> **Directions**
Could you restate all of the entries, word for word?

*** Entries shown Section Begins ***

(* Let $G$ be a finite simple $(P_2\cup P_1)$-free graph. Then: (1) if $S\subseteq V(G)$ is a cutset of $G$, then every component of $G-S$ consists of a single vertex; (2) if $S$ is a minimal cutset of $G$ (no proper subset of $S$ is a cutset), then every vertex of $S$ is adjacent to every vertex of $V(G)\setminus S$, i.e., the bipartite graph $G[S,V(G)\setminus S]$ is complete bipartite; (3) $\kappa(G)=\delta(G)$; (4) $\delta(G)\ge |V(G)|-\alpha(G)$.
   Context: $P_2\cup P_1$ is the graph on three vertices consisting of one edge and one isolated vertex; $G$ is $(P_2\cup P_1)$-free if it has no induced subgraph isomorphic to $P_2\cup P_1$. A cutset of $G$ is a set $S\subseteq V(G)$ such that $G-S$ has at least two components. $G[S,V(G)\setminus S]$ denotes the bipartite graph with parts $S$ and $V(G)\setminus S$ whose edges are the edges of $G$ between these parts. $\delta(G)$ is the minimum degree, $\alpha(G)$ the independence number, and $\kappa(G)$ the connectivity: the minimum size of a cutset if $G$ is noncomplete, and $|V(G)|-1$ if $G$ is complete. *)

theory Defs
  imports Main
begin

definition simple_graph :: "'a set \<Rightarrow> ('a \<Rightarrow> 'a \<Rightarrow> bool) \<Rightarrow> bool" where
  "simple_graph V E \<longleftrightarrow> finite V \<and> (\<forall>x y. E x y \<longrightarrow> x \<in> V \<and> y \<in> V)
     \<and> (\<forall>x y. E x y \<longrightarrow> E y x) \<and> (\<forall>x. \<not> E x x)"

text \<open>G has no induced subgraph isomorphic to P2 \<union> P1 (an edge plus an isolated vertex).\<close>
definition P2P1_free :: "'a set \<Rightarrow> ('a \<Rightarrow> 'a \<Rightarrow> bool) \<Rightarrow> bool" where
  "P2P1_free V E \<longleftrightarrow> \<not> (\<exists>a\<in>V. \<exists>b\<in>V. \<exists>c\<in>V. a \<noteq> c \<and> b \<noteq> c \<and> E a b \<and> \<not> E a c \<and> \<not> E b c)"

*** Entries shown Section Ends ***

> **Result of the exercise**
(* Let $G$ be a finite simple $(P_2\cup P_1)$-free graph. Then: (1) if $S\subseteq V(G)$ is a cutset of $G$, then every component of $G-S$ consists of a single vertex; (2) if $S$ is a minimal cutset of $G$ (no proper subset of $S$ is a cutset), then every vertex of $S$ is adjacent to every vertex of $V(G)\setminus S$, i.e., the bipartite graph $G[S,V(G)\setminus S]$ is complete bipartite; (3) $\kappa(G)=\delta(G)$; (4) $\delta(G)\ge |V(G)|-\alpha(G)$.
   Context: $P_2\cup P_1$ is the graph on three vertices consisting of one edge and one isolated vertex; $G$ is $(P_2\cup P_1)$-free if it has no induced subgraph isomorphic to $P_2\cup P_1$. A cutset of $G$ is a set $S\subseteq V(G)$ such that $G-S$ has at least two components. $G[S,V(G)\setminus S]$ denotes the bipartite graph with parts $S$ and $V(G)\setminus S$ whose edges are the edges of $G$ between these parts. $\delta(G)$ is the minimum degree, $\alpha(G)$ the independence number, and $\kappa(G)$ the connectivity: the minimum size of a cutset if $G$ is noncomplete, and $|V(G)|-1$ if $G$ is complete. *)

theory Defs
  imports Main
begin

definition simple_graph :: "'a set \<Rightarrow> ('a \<Rightarrow> 'a \<Rightarrow> bool) \<Rightarrow> bool" where
  "simple_graph V E \<longleftrightarrow> finite V \<and> (\<forall>x y. E x y \<longrightarrow> x \<in> V \<and> y \<in> V)
     \<and> (\<forall>x y. E x y \<longrightarrow> E y x) \<and> (\<forall>x. \<not> E x x)"

text \<open>G has no induced subgraph isomorphic to P2 \<union> P1 (an edge plus an isolated vertex).\<close>
definition P2P1_free :: "'a set \<Rightarrow> ('a \<Rightarrow> 'a \<Rightarrow> bool) \<Rightarrow> bool" where
  "P2P1_free V E \<longleftrightarrow> \<not> (\<exists>a\<in>V. \<exists>b\<in>V. \<exists>c\<in>V. a \<noteq> c \<and> b \<noteq> c \<and> E a b \<and> \<not> E a c \<and> \<not> E b c)"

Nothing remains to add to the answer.